== INSTRUCTIONS TO FOLLOW ==
Go through the entries and copy each one exactly. Leave none out.

Records from a dataset:
*** Begin section ***

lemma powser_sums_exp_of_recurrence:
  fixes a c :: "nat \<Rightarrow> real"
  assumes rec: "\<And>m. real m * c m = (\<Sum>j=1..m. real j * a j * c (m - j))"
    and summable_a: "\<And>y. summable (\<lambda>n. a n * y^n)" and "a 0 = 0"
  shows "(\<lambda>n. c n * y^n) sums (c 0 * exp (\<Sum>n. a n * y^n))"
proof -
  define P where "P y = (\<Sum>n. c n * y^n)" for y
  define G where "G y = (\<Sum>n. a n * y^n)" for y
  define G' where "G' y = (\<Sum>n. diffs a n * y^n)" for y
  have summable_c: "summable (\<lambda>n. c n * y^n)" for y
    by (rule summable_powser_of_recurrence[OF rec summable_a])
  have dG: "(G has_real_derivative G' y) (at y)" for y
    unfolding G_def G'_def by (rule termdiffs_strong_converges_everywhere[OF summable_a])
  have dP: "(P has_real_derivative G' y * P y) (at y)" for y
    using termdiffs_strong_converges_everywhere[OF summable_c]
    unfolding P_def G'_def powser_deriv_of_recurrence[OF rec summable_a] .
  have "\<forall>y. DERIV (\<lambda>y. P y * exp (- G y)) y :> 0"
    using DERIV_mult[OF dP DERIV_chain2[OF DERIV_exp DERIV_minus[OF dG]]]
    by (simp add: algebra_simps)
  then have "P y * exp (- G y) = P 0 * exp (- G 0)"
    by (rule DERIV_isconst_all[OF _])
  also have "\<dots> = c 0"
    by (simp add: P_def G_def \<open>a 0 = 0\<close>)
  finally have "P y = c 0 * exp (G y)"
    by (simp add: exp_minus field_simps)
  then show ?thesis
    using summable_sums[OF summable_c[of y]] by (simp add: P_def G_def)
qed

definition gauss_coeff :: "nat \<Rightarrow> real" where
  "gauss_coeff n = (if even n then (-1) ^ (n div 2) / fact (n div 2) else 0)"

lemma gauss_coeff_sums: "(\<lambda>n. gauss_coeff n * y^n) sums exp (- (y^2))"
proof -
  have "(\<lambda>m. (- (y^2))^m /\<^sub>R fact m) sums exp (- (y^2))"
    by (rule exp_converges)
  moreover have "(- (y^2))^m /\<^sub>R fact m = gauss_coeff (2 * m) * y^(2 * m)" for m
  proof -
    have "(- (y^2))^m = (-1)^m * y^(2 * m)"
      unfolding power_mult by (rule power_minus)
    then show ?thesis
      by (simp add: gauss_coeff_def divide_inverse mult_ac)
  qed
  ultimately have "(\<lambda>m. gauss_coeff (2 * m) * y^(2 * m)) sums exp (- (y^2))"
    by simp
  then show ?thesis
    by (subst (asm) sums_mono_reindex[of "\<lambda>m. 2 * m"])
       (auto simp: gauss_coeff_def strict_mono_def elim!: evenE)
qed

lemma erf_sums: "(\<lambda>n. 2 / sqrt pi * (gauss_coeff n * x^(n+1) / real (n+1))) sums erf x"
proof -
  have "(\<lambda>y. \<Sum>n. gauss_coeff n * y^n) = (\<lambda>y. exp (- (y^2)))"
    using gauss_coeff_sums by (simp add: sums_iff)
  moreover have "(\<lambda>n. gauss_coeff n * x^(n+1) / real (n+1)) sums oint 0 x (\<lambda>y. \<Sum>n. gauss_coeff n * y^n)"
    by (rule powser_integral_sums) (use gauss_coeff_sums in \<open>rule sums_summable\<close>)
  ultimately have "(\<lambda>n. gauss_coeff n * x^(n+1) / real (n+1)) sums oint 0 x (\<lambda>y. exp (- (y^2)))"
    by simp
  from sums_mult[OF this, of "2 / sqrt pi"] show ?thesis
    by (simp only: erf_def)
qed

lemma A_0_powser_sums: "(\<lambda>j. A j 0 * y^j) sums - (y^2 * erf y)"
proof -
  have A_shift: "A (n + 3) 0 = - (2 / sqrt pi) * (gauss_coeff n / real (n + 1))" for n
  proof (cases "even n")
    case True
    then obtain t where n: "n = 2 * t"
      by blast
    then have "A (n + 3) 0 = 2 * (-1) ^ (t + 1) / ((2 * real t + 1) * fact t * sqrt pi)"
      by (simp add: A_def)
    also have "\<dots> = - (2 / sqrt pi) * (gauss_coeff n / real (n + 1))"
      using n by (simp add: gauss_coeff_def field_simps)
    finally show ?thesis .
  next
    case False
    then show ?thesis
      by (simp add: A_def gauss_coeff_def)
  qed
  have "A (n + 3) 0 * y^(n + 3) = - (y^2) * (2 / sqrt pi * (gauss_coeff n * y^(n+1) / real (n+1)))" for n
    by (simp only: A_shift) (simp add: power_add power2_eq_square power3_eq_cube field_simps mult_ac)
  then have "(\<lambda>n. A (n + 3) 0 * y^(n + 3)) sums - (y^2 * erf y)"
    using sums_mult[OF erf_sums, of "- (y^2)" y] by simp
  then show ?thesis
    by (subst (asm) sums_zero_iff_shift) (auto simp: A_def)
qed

*** End section ***

== EXERCISE RESULT ==
lemma powser_sums_exp_of_recurrence:
  fixes a c :: "nat \<Rightarrow> real"
  assumes rec: "\<And>m. real m * c m = (\<Sum>j=1..m. real j * a j * c (m - j))"
    and summable_a: "\<And>y. summable (\<lambda>n. a n * y^n)" and "a 0 = 0"
  shows "(\<lambda>n. c n * y^n) sums (c 0 * exp (\<Sum>n. a n * y^n))"
proof -
  define P where "P y = (\<Sum>n. c n * y^n)" for y
  define G where "G y = (\<Sum>n. a n * y^n)" for y
  define G' where "G' y = (\<Sum>n. diffs a n * y^n)" for y
  have summable_c: "summable (\<lambda>n. c n * y^n)" for y
    by (rule summable_powser_of_recurrence[OF rec summable_a])
  have dG: "(G has_real_derivative G' y) (at y)" for y
    unfolding G_def G'_def by (rule termdiffs_strong_converges_everywhere[OF summable_a])
  have dP: "(P has_real_derivative G' y * P y) (at y)" for y
    using termdiffs_strong_converges_everywhere[OF summable_c]
    unfolding P_def G'_def powser_deriv_of_recurrence[OF rec summable_a] .
  have "\<forall>y. DERIV (\<lambda>y. P y * exp (- G y)) y :> 0"
    using DERIV_mult[OF dP DERIV_chain2[OF DERIV_exp DERIV_minus[OF dG]]]
    by (simp add: algebra_simps)
  then have "P y * exp (- G y) = P 0 * exp (- G 0)"
    by (rule DERIV_isconst_all[OF _])
  also have "\<dots> = c 0"
    by (simp add: P_def G_def \<open>a 0 = 0\<close>)
  finally have "P y = c 0 * exp (G y)"
    by (simp add: exp_minus field_simps)
  then show ?thesis
    using summable_sums[OF summable_c[of y]] by (simp add: P_def G_def)
qed

definition gauss_coeff :: "nat \<Rightarrow> real" where
  "gauss_coeff n = (if even n then (-1) ^ (n div 2) / fact (n div 2) else 0)"

lemma gauss_coeff_sums: "(\<lambda>n. gauss_coeff n * y^n) sums exp (- (y^2))"
proof -
  have "(\<lambda>m. (- (y^2))^m /\<^sub>R fact m) sums exp (- (y^2))"
    by (rule exp_converges)
  moreover have "(- (y^2))^m /\<^sub>R fact m = gauss_coeff (2 * m) * y^(2 * m)" for m
  proof -
    have "(- (y^2))^m = (-1)^m * y^(2 * m)"
      unfolding power_mult by (rule power_minus)
    then show ?thesis
      by (simp add: gauss_coeff_def divide_inverse mult_ac)
  qed
  ultimately have "(\<lambda>m. gauss_coeff (2 * m) * y^(2 * m)) sums exp (- (y^2))"
    by simp
  then show ?thesis
    by (subst (asm) sums_mono_reindex[of "\<lambda>m. 2 * m"])
       (auto simp: gauss_coeff_def strict_mono_def elim!: evenE)
qed

lemma erf_sums: "(\<lambda>n. 2 / sqrt pi * (gauss_coeff n * x^(n+1) / real (n+1))) sums erf x"
proof -
  have "(\<lambda>y. \<Sum>n. gauss_coeff n * y^n) = (\<lambda>y. exp (- (y^2)))"
    using gauss_coeff_sums by (simp add: sums_iff)
  moreover have "(\<lambda>n. gauss_coeff n * x^(n+1) / real (n+1)) sums oint 0 x (\<lambda>y. \<Sum>n. gauss_coeff n * y^n)"
    by (rule powser_integral_sums) (use gauss_coeff_sums in \<open>rule sums_summable\<close>)
  ultimately have "(\<lambda>n. gauss_coeff n * x^(n+1) / real (n+1)) sums oint 0 x (\<lambda>y. exp (- (y^2)))"
    by simp
  from sums_mult[OF this, of "2 / sqrt pi"] show ?thesis
    by (simp only: erf_def)
qed

lemma A_0_powser_sums: "(\<lambda>j. A j 0 * y^j) sums - (y^2 * erf y)"
proof -
  have A_shift: "A (n + 3) 0 = - (2 / sqrt pi) * (gauss_coeff n / real (n + 1))" for n
  proof (cases "even n")
    case True
    then obtain t where n: "n = 2 * t"
      by blast
    then have "A (n + 3) 0 = 2 * (-1) ^ (t + 1) / ((2 * real t + 1) * fact t * sqrt pi)"
      by (simp add: A_def)
    also have "\<dots> = - (2 / sqrt pi) * (gauss_coeff n / real (n + 1))"
      using n by (simp add: gauss_coeff_def field_simps)
    finally show ?thesis .
  next
    case False
    then show ?thesis
      by (simp add: A_def gauss_coeff_def)
  qed
  have "A (n + 3) 0 * y^(n + 3) = - (y^2) * (2 / sqrt pi * (gauss_coeff n * y^(n+1) / real (n+1)))" for n
    by (simp only: A_shift) (simp add: power_add power2_eq_square power3_eq_cube field_simps mult_ac)
  then have "(\<lambda>n. A (n + 3) 0 * y^(n + 3)) sums - (y^2 * erf y)"
    using sums_mult[OF erf_sums, of "- (y^2)" y] by simp
  then show ?thesis
    by (subst (asm) sums_zero_iff_shift) (auto simp: A_def)
qed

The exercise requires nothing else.